After the past four levels the straightforward slaughter style comes as a relief. The first phase showcases the skull turret enemy and drills in how lethal they are. Thankfully the crazy crossfire is fairly consistent at tethering arch-viles. The second part has crazy gorgeous visuals and is a mess of a congestion-style race track. Popping arch-viles is paramount but the Cyberdemons are just as good about getting around. The tendency of the fliers to get caught up in the central structure also ensures something of an obnoxious drip feed. All of the cells and rockets make cleaning up fairly simple. The big finish is a slaughter arena. The invul sphere is available from the start but is probably best saved for the bosses. The packs triggered from the central structure are all the same and can be infought safely if you kill the arch-vile up front. A grotesquely beautiful sendoff.

Only for ports with hardcoded episode definitions. This corral offers a nice "Thank You!", an alternate way to see the end text, and a gorgeous planet viewscreen. The architecture feels spartan compared to the rest of the episode but it's better than some holding pens that I've been in.


If for some reason you had warped to the rest of Doom II then this would prevent you from fucking the game up. Mech used some of the Icon of Sin frames to make the final boss in DeHackEd ports so this self-deprecating jab appears instead. Vela Pax's levels are supposed to be even bigger than these, though...

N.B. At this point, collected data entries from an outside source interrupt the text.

lemma qsum_diff: "qsum q N a - qsum q N b = qsum q N (\<lambda>e. a e - b e :: 'b::comm_ring_1)"
  unfolding qsum_def sum_subtractf[symmetric] diff_monom ..

lemma smult_qsum: "smult c (qsum q N a) = qsum q N (\<lambda>e. c * a e)"
  unfolding qsum_def by (induction N) (simp_all add: smult_add_right smult_monom)

lemma poly_qsum: "poly (qsum q N a) x = (\<Sum>e\<le>N. a e * x ^ (q ^ e))"
  by (simp add: qsum_def poly_sum poly_monom)

abbreviation tpow :: "nat \<Rightarrow> 'a::comm_ring_1 mpoly poly" where
  "tpow k \<equiv> monom 1 k"

lemma coeff_tpow_mult: "coeff (tpow k * x) r = (if r < k then 0 else coeff x (r - k))"
  by (simp add: coeff_monom_mult)

text \<open>Fix n. Write F_n = sum_(e <= n) c_e X^(p^e) (dcoeff) and C_e = P_t c_e (total_dcoeff).\<close>
context
  fixes n :: nat
  assumes p_prime: "prime CARD('a::{field,finite})"
begin

definition dcoeff :: "nat \<Rightarrow> 'a mpoly" where
  "dcoeff e = coeff (dickson_poly n) (CARD('a) ^ e)"

definition total_dcoeff :: "nat \<Rightarrow> 'a mpoly poly" where
  "total_dcoeff e = totalP (dcoeff e)"

lemma dcoeff_top: "dcoeff n = 1"
  using dickson_poly_degree(2)[where 'a='a] by (simp add: dcoeff_def)

lemma total_dcoeff_top: "total_dcoeff n = 1"
  by (simp add: total_dcoeff_def dcoeff_top)

lemma coeff0_total_dcoeff: "coeff (total_dcoeff e) 0 = dcoeff e"
  by (simp add: total_dcoeff_def totalP_coeff0)

lemma dickson_poly_qsum: "dickson_poly n = qsum CARD('a) n dcoeff"
proof (rule poly_eqI)
  fix m
  have p2: "CARD('a) \<ge> 2" by (rule card_ge_2[OF p_prime])
  show "coeff (dickson_poly n) m = coeff (qsum CARD('a) n dcoeff) m"
  proof (cases "\<exists>k. m = CARD('a) ^ k")
    case True
    then obtain k where k: "m = CARD('a) ^ k" by auto
    show ?thesis
    proof (cases "k \<le> n")
      case True thus ?thesis using k p2 by (simp add: coeff_qsum_power dcoeff_def)
    next
      case False
      hence "degree (dickson_poly n :: 'a mpoly poly) < m"
        using k card_power_less[OF p_prime] by (simp add: dickson_poly_degree)
      thus ?thesis using False k p2 by (simp add: coeff_qsum_power coeff_eq_0)
    qed
  next
    case False
    hence "coeff (dickson_poly n :: 'a mpoly poly) m = 0"
      using q_poly_dickson_poly[OF p_prime, of n] by (auto simp: q_poly_def)
    thus ?thesis using False by (simp add: coeff_qsum_other)
  qed
qed

lemma poly_dickson_poly: "poly (dickson_poly n) (v::'a mpoly) = (\<Sum>e\<le>n. dcoeff e * v ^ (CARD('a) ^ e))"
  by (simp add: dickson_poly_qsum poly_qsum)
lemma aTL_ideal_add:
  "g \<in> aTL_ideal n \<beta> \<Longrightarrow> f \<in> aTL_ideal n \<beta> \<Longrightarrow> (\<lambda>x. f x + g x) \<in> aTL_ideal n \<beta>"
proof (induction g rule: aTL_ideal.induct)
  case zero
  then show ?case by simp
next
  case (step g l r u v c)
  have "(\<lambda>x. (f x + g x) + c * sw u (\<lambda>y. l y - r y) v x) \<in> aTL_ideal n \<beta>"
    using step by (intro aTL_ideal.step) auto
  then show ?case by (simp add: add.assoc)
qed

lemma aTL_ideal_scale: "f \<in> aTL_ideal n \<beta> \<Longrightarrow> (\<lambda>x. d * f x) \<in> aTL_ideal n \<beta>"
proof (induction f rule: aTL_ideal.induct)
  case zero
  then show ?case by (simp add: aTL_ideal.zero)
next
  case (step g l r u v c)
  have "(\<lambda>x. d * g x + (d * c) * sw u (\<lambda>y. l y - r y) v x) \<in> aTL_ideal n \<beta>"
    using step by (intro aTL_ideal.step) auto
  then show ?case by (simp add: algebra_simps)
qed

lemma aTL_ideal_sw:
  "f \<in> aTL_ideal n \<beta> \<Longrightarrow> \<forall>g\<in>set a. valid_gen n g \<Longrightarrow> \<forall>g\<in>set b. valid_gen n g
    \<Longrightarrow> sw a f b \<in> aTL_ideal n \<beta>"
proof (induction f rule: aTL_ideal.induct)
  case zero
  then show ?case by (simp add: aTL_ideal.zero sw_zero)
next
  case (step g l r u v c)
  have "(\<lambda>x. sw a g b x + c * sw (a @ u) (\<lambda>y. l y - r y) (v @ b) x) \<in> aTL_ideal n \<beta>"
    using step by (intro aTL_ideal.step) auto
  then show ?case by (simp add: sw_add_scale sw_sw)
qed

definition word_eq :: "nat \<Rightarrow> complex \<Rightarrow> gen list \<Rightarrow> gen list \<Rightarrow> bool" where
  "word_eq n \<beta> u v \<longleftrightarrow> aTL_eq n \<beta> (wd u) (wd v)"

definition has_normal_form :: "nat \<Rightarrow> complex \<Rightarrow> gen list \<Rightarrow> bool" where
  "has_normal_form n \<beta> c \<longleftrightarrow>
     (\<exists>k. word_eq n \<beta> c (Omega_pow k))
   \<or> (\<exists>w. (\<forall>g\<in>set w. \<exists>j<n. g = E j) \<and> word_eq n \<beta> c w)
   \<or> (\<exists>w. (\<forall>g\<in>set w. \<exists>j<n. g = E j) \<and> word_eq n \<beta> c (Om # w))"

lemma valid_gen_simps [simp]:
  "valid_gen n Om" "valid_gen n OmI" "valid_gen n (E j) \<longleftrightarrow> j < n"
  unfolding valid_gen_def by auto

lemma set_Omega_pow [simp]:
  "set (Omega_pow k) = (if k = 0 then {} else if 0 < k then {Om} else {OmI})"
  unfolding Omega_pow_def by auto

definition cyc_succ :: "nat \<Rightarrow> nat \<Rightarrow> nat" where
  "cyc_succ n j = (j + 1) mod n"

definition cyc_pred :: "nat \<Rightarrow> nat \<Rightarrow> nat" where
  "cyc_pred n j = (j + n - 1) mod n"

lemma cyc_succ_less [simp]: "j < n \<Longrightarrow> cyc_succ n j < n"
  unfolding cyc_succ_def by simp

lemma cyc_pred_less [simp]: "j < n \<Longrightarrow> cyc_pred n j < n"
  unfolding cyc_pred_def by simp

lemma cyc_pred_succ [simp]: "j < n \<Longrightarrow> cyc_pred n (cyc_succ n j) = j"
  unfolding cyc_succ_def cyc_pred_def by (cases "j + 1 = n") auto

lemma cyc_succ_pred [simp]: "j < n \<Longrightarrow> cyc_succ n (cyc_pred n j) = j"
  unfolding cyc_succ_def cyc_pred_def by (cases j) (auto simp: mod_Suc_eq)

context
  fixes n :: nat and \<beta> :: complex
begin

abbreviation word_equiv :: "gen list \<Rightarrow> gen list \<Rightarrow> bool" (infix "\<approx>" 50) where
  "u \<approx> v \<equiv> word_eq n \<beta> u v"

lemma word_eq_refl: "u \<approx> u"
  unfolding word_eq_def aTL_eq_def by (simp add: aTL_ideal.zero)

lemma word_eq_sym: "u \<approx> v \<Longrightarrow> v \<approx> u"
  unfolding word_eq_def aTL_eq_def
  by (drule aTL_ideal_scale[where d = "-1"]) (simp add: algebra_simps)

lemma word_eq_trans [trans]: "u \<approx> v \<Longrightarrow> v \<approx> w \<Longrightarrow> u \<approx> w"
  unfolding word_eq_def aTL_eq_def
  by (drule (1) aTL_ideal_add) (simp add: algebra_simps)

lemma word_eq_cong:
  "u \<approx> v \<Longrightarrow> \<forall>g\<in>set a. valid_gen n g \<Longrightarrow> \<forall>g\<in>set b. valid_gen n g
    \<Longrightarrow> a @ u @ b \<approx> a @ v @ b"
  unfolding word_eq_def aTL_eq_def
  by (drule (2) aTL_ideal_sw) (simp add: sw_diff sw_wd)

lemma word_eq_if_rel: "(wd l, wd r) \<in> aTL_rel n \<beta> \<Longrightarrow> l \<approx> r"
  unfolding word_eq_def aTL_eq_def
  using aTL_ideal.step[OF aTL_ideal.zero, of "wd l" "wd r" n \<beta> "[]" "[]" 1]
  by (simp add: sw_Nil)

lemma Om_OmI: "[Om, OmI] \<approx> []"
  by (rule word_eq_if_rel) (simp add: aTL_rel_def)

lemma OmI_Om: "[OmI, Om] \<approx> []"
  by (rule word_eq_if_rel) (simp add: aTL_rel_def)

lemma Om_E_OmI: "j < n \<Longrightarrow> [Om, E j, OmI] \<approx> [E (cyc_pred n j)]"
  by (rule word_eq_if_rel) (auto simp: aTL_rel_def cyc_pred_def)

lemma E_E_pred_E: "j < n \<Longrightarrow> [E j, E (cyc_pred n j), E j] \<approx> [E j]"
  by (rule word_eq_if_rel) (auto simp: aTL_rel_def cyc_pred_def)

lemma Om_Om_E1: "[Om, Om, E 1] \<approx> map E (rev [1..<n])"
  by (rule word_eq_if_rel) (auto simp: aTL_rel_def)

lemma E_Om: "j < n \<Longrightarrow> [E j, Om] \<approx> [Om, E (cyc_succ n j)]"
proof -
  assume j: "j < n"
  let ?k = "cyc_succ n j"
  have k: "?k < n" using j by simp
  have "[Om, E ?k] \<approx> [Om, E ?k] @ [OmI, Om] @ []"
    using word_eq_cong[OF OmI_Om, of "[Om, E ?k]" "[]"] k by (simp add: word_eq_sym)
  also have "\<dots> = [] @ [Om, E ?k, OmI] @ [Om]" by simp
  also have "\<dots> \<approx> [] @ [E (cyc_pred n ?k)] @ [Om]"
    using k by (intro word_eq_cong Om_E_OmI) auto
  finally show ?thesis using j by (simp add: word_eq_sym)
qed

If you were missing more of the quasi-relaxed Mechadon gameplay then this techbase has got you covered. It has an intricate layout that starts out with low-key encounters and then builds up to a super-cramped slaughter finish. The last bit will be much easier if you find the secret exit beforehand, which has a hidden BFG stowed along the way. Some of the later fights and ambushes feel unusually cruel, particularly the three-arch-vile surprise at the western tower. "Desiderium" is also relatively linear in its progression. It still feels highly interconnected, one of the key points routing you through the escape sewers and toward the western portion of the level. Lots of stunning architecture. I also enjoyed unraveling the crates and air ducts, though the secret jumping between the two threw me for a loop.

A cute reference to a DOS game that I'd never heard of before, The Adventures of Microman. The level is sort of in the style of Doom 2 the Way id Did's "Well of Wishes" (MAP32). It's an asymmetric boss battleground and littered with skull turrets. The bubble ship is pretty lethal but only fires all of the regular enemy projectiles so the main thing is to not get jammed up. The skull turrets are the real pain in the ass. If you can clear the ones around the blue armor gazebo and the fuckers in the backpack courtyard that look in then you can cat and mouse the boss. Death comes swiftly, though. If you grab all of the keys quickly then you can have a plasma gun. Why bother with a weapon that requires you to expose yourself for sustained damage, though?